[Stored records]
────

(* Let $p\geq2$, $n_1,\dots,n_l\geq1$ be integers with $\sum_j p^{-n_j}=1$ and let $T_p$ be the map satisfying Condition 1 with slopes $\Lambda_j=p^{n_j}$. Let $U$ be a quantization of $T_p$ acting on $\mathcal H_\Bbbk\cong\mathbb C^{N_\Bbbk}$ with $N_\Bbbk=p^\Bbbk$ (with respect to the partition of $[0,1]$ into $p^\Bbbk$ equal intervals), and set $n_{\mathrm E}=\lfloor\log N_\Bbbk/\log\Lambda_{\max}\rfloor$, $\Lambda_{\max}=\max_j\Lambda_j$. Then for every base-$p$ cylinder $[\![\mathrm x]\!]$ of length $|\mathrm x|=m$, $$U^{-n}P_{[\![\mathrm x]\!]}U^n=P_{T_p^{-n}[\![\mathrm x]\!]}\qquad\text{for all } n \text{ with } n+m\leq n_{\mathrm E}.$$
   Context: Condition 1: $[0,1]$ is divided into consecutive intervals $I_1,\dots,I_l$ with $|I_j|=\Lambda_j^{-1}$, and $T_p$ is affine with slope $\Lambda_j$ on $I_j$ mapping $I_j$ onto $[0,1]$ (so $T_p(x)=p^{n_j}x\bmod 1$ on $I_j$). For a word $\mathrm x=\mathrm x_1\dots\mathrm x_m$ over $\{0,\dots,p-1\}$, $[\![\mathrm x]\!]$ is the interval of points whose first $m$ base-$p$ digits are $\mathrm x_1,\dots,\mathrm x_m$. Let $E_i=[(i-1)p^{-\Bbbk},ip^{-\Bbbk}]$; with $B(i,j)=|E_i\cap T_p^{-1}E_j|/|E_i|$, a quantization is a unitary matrix $U$ with $B(j,i)=|U(i,j)|^2$ for all $i,j$. For a finite union $Y$ of intervals $E_i$, $P_Y$ is the diagonal matrix with entry $1$ at $i$ if $E_i\subseteq Y$ and $0$ otherwise (i.e. $P_Y=\mathrm{Op}(\chi_Y)$, the diagonal matrix of averages of $\chi_Y$ over the $E_i$). *)

theory Defs
  imports "HOL-Analysis.Analysis" "Jordan_Normal_Form.Matrix"
begin

definition left_end :: "nat \<Rightarrow> nat list \<Rightarrow> nat \<Rightarrow> real" where
  "left_end p ns j = (\<Sum>i<j. 1 / real p ^ (ns ! i))"

definition condition1 :: "nat \<Rightarrow> nat list \<Rightarrow> (real \<Rightarrow> real) \<Rightarrow> bool" where
  "condition1 p ns T \<longleftrightarrow>
     (\<forall>j < length ns. \<forall>x. left_end p ns j < x \<and> x < left_end p ns (Suc j) \<longrightarrow>
        T x = real p ^ (ns ! j) * (x - left_end p ns j))"

(* E_i = [i/N, (i+1)/N], i = 0..N-1 (0-based version of the paper's E_i). *)
definition Eint :: "nat \<Rightarrow> nat \<Rightarrow> real set" where
  "Eint N i = {real i / real N .. (real i + 1) / real N}"

definition preim :: "(real \<Rightarrow> real) \<Rightarrow> nat \<Rightarrow> real set \<Rightarrow> real set" where
  "preim T n Y = {x \<in> {0..1}. (T ^^ n) x \<in> Y}"

definition Bmat :: "(real \<Rightarrow> real) \<Rightarrow> nat \<Rightarrow> nat \<Rightarrow> nat \<Rightarrow> real" where
  "Bmat T N i j = measure lebesgue (Eint N i \<inter> preim T 1 (Eint N j)) / measure lebesgue (Eint N i)"

definition cadjoint :: "complex mat \<Rightarrow> complex mat" where
  "cadjoint A = mat (dim_col A) (dim_row A) (\<lambda>(i,j). cnj (A $$ (j,i)))"

definition unitary_mat :: "nat \<Rightarrow> complex mat \<Rightarrow> bool" where
  "unitary_mat N U \<longleftrightarrow> U \<in> carrier_mat N N \<and>
     cadjoint U * U = 1\<^sub>m N \<and> U * cadjoint U = 1\<^sub>m N"

definition quantization :: "(real \<Rightarrow> real) \<Rightarrow> nat \<Rightarrow> complex mat \<Rightarrow> bool" where
  "quantization T N U \<longleftrightarrow> unitary_mat N U \<and>
     (\<forall>i<N. \<forall>j<N. Bmat T N j i = (cmod (U $$ (i,j)))\<^sup>2)"

definition mat_inv :: "nat \<Rightarrow> complex mat \<Rightarrow> complex mat" where
  "mat_inv N U = (THE V. V \<in> carrier_mat N N \<and> V * U = 1\<^sub>m N \<and> U * V = 1\<^sub>m N)"

definition mat_neg_pow :: "nat \<Rightarrow> complex mat \<Rightarrow> nat \<Rightarrow> complex mat" where
  "mat_neg_pow N U n = (mat_inv N U) ^\<^sub>m n"

(* P_Y = Op(chi_Y): diagonal matrix of averages of chi_Y over the E_i *)
definition Pop :: "nat \<Rightarrow> real set \<Rightarrow> complex mat" where
  "Pop N Y = mat N N (\<lambda>(i,j). if i = j then
      complex_of_real (measure lebesgue (Eint N i \<inter> Y) / measure lebesgue (Eint N i)) else 0)"

definition cylinder :: "nat \<Rightarrow> nat list \<Rightarrow> real set" where
  "cylinder p xs = (let c = (\<Sum>k<length xs. real (xs ! k) / real p ^ (Suc k))
                    in {c .. c + 1 / real p ^ length xs})"

end

theory Submission
  imports Defs
begin

text \<open>
  Call a set adapted at level r if every open base-p interval (c/p^r, (c+1)/p^r) lies inside it
  or misses it; up to the null set of grid points it is then a union of such intervals.
  Because sum_j p^(-n_j) = 1, the endpoints of the branches I_j lie on the level-r grid once
  r >= max n_j, so T maps each level-r interval affinely into a level-(r - n_j) interval.
  Hence T^-1 turns sets adapted at level s into sets adapted at level s + max n_j, and
  T^-n [[x]] is adapted at level m + n max n_j <= k. For Z adapted at level k, P_Z is the
  diagonal 0/1 matrix of the indicator of Z on the E_i. The quantization condition forces
  U(i,a) = 0 unless T maps E_a onto an interval containing E_i, so the indicator of Z at i
  equals that of T^-1 Z at a whenever U(i,a) is nonzero; together with U^* U = 1 this gives
  U^* P_Z U = P_(T^-1 Z), and induction on n concludes.
\<close>

section \<open>Unitary matrices\<close>

lemma cadjoint_carrier_mat: "U \<in> carrier_mat N M \<Longrightarrow> cadjoint U \<in> carrier_mat M N"
  unfolding cadjoint_def by auto

lemma cadjoint_index:
  "U \<in> carrier_mat N M \<Longrightarrow> i < M \<Longrightarrow> j < N \<Longrightarrow> cadjoint U $$ (i,j) = cnj (U $$ (j,i))"
  unfolding cadjoint_def by auto

lemma mat_inv_unitary:
  assumes "unitary_mat N U"
  shows "mat_inv N U = cadjoint U"
  unfolding mat_inv_def
proof (rule the_equality)
  have U: "U \<in> carrier_mat N N" and UU: "cadjoint U * U = 1\<^sub>m N" "U * cadjoint U = 1\<^sub>m N"
    using assms unfolding unitary_mat_def by auto
  have C: "cadjoint U \<in> carrier_mat N N" using U by (rule cadjoint_carrier_mat)
  then show "cadjoint U \<in> carrier_mat N N \<and> cadjoint U * U = 1\<^sub>m N \<and> U * cadjoint U = 1\<^sub>m N"
    using UU by simp
  fix V assume "V \<in> carrier_mat N N \<and> V * U = 1\<^sub>m N \<and> U * V = 1\<^sub>m N"
  then have V: "V \<in> carrier_mat N N" "V * U = 1\<^sub>m N" by auto
  then have "V = V * (U * cadjoint U)" using UU by simp
  also have "\<dots> = (V * U) * cadjoint U" using assoc_mult_mat[OF V(1) U C] by simp
  finally show "V = cadjoint U" using V C by simp
qed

────

**ABOUT THIS TASK**
Count how many lines of the data include the word "measure". Your reply should be that number alone.

**OUTPUT FOR THIS TASK**
2